EXERCISE.
Within the entries below, the lines from the one with "(auto simp: in_box_complex_iff)" through the one with "by (simp add: algebra_simps)" are to be set down exactly, both ends kept.

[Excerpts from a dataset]
BEGIN
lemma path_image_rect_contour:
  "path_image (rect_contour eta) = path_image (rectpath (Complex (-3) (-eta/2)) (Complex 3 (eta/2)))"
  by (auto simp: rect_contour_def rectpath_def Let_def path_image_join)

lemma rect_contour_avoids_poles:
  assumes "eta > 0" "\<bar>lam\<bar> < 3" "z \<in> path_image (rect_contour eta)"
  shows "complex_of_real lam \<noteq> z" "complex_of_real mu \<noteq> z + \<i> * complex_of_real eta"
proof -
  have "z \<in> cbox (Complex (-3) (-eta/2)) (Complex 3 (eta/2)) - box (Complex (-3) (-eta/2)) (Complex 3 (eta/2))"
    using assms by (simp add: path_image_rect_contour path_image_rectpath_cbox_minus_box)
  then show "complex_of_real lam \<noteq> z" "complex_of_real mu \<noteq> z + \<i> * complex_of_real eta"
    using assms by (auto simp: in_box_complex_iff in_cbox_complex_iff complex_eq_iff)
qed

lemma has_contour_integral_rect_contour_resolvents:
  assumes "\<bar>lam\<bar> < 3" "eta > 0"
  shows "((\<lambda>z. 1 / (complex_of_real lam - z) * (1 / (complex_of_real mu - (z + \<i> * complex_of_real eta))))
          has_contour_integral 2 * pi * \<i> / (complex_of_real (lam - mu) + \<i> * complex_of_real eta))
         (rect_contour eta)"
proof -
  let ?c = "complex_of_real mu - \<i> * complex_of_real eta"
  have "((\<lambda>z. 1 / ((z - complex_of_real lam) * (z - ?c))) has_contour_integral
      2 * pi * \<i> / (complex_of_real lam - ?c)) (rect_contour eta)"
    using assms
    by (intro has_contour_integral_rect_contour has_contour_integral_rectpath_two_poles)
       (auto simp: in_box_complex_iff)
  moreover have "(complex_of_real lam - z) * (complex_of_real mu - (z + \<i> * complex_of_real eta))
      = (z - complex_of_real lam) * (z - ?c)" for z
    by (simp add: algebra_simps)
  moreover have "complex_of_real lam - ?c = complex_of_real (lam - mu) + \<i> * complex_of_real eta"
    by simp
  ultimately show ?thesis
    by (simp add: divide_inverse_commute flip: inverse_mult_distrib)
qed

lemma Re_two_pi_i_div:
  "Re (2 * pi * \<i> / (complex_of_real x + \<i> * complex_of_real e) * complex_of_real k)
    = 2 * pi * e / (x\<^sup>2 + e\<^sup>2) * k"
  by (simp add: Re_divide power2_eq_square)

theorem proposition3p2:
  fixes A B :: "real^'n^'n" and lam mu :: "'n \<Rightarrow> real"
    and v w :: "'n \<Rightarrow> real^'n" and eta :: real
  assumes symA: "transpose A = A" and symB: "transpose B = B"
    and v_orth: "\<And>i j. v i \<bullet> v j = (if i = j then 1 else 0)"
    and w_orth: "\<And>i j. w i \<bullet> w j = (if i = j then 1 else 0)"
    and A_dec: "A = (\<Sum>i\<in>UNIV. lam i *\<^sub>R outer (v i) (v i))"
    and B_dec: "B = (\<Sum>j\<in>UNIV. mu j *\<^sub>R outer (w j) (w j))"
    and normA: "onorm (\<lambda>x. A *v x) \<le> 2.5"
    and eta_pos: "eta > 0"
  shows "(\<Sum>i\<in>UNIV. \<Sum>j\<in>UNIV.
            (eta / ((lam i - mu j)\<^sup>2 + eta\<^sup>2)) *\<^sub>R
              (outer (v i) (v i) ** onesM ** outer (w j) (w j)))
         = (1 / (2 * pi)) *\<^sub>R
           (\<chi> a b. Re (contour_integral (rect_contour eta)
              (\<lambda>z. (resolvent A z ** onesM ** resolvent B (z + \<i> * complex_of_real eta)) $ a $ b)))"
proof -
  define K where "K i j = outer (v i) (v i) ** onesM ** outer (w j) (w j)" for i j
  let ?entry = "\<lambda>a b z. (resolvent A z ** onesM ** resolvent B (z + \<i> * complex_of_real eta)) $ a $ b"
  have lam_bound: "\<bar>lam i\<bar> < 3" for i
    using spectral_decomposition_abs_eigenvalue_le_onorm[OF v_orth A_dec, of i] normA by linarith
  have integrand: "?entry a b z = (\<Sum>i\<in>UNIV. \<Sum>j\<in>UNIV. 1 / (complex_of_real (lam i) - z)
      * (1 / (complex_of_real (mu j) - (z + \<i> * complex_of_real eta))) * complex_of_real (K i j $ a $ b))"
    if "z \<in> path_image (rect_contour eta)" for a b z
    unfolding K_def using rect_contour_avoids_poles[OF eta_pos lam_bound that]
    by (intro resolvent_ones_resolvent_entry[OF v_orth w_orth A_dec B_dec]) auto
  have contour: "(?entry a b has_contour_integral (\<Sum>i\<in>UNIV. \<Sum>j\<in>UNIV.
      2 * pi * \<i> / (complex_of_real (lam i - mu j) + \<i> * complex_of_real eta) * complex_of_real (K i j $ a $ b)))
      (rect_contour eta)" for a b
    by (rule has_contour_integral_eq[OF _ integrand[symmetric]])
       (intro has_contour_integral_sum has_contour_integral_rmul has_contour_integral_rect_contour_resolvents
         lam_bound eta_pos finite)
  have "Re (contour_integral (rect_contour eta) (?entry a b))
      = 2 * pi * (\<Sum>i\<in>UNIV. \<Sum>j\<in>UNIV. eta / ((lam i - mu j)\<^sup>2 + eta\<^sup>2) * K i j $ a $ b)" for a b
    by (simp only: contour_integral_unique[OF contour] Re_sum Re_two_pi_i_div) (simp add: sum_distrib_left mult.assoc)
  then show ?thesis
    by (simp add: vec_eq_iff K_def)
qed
END
ANSWER BELOW.
       (auto simp: in_box_complex_iff)
  moreover have "(complex_of_real lam - z) * (complex_of_real mu - (z + \<i> * complex_of_real eta))
      = (z - complex_of_real lam) * (z - ?c)" for z
    by (simp add: algebra_simps)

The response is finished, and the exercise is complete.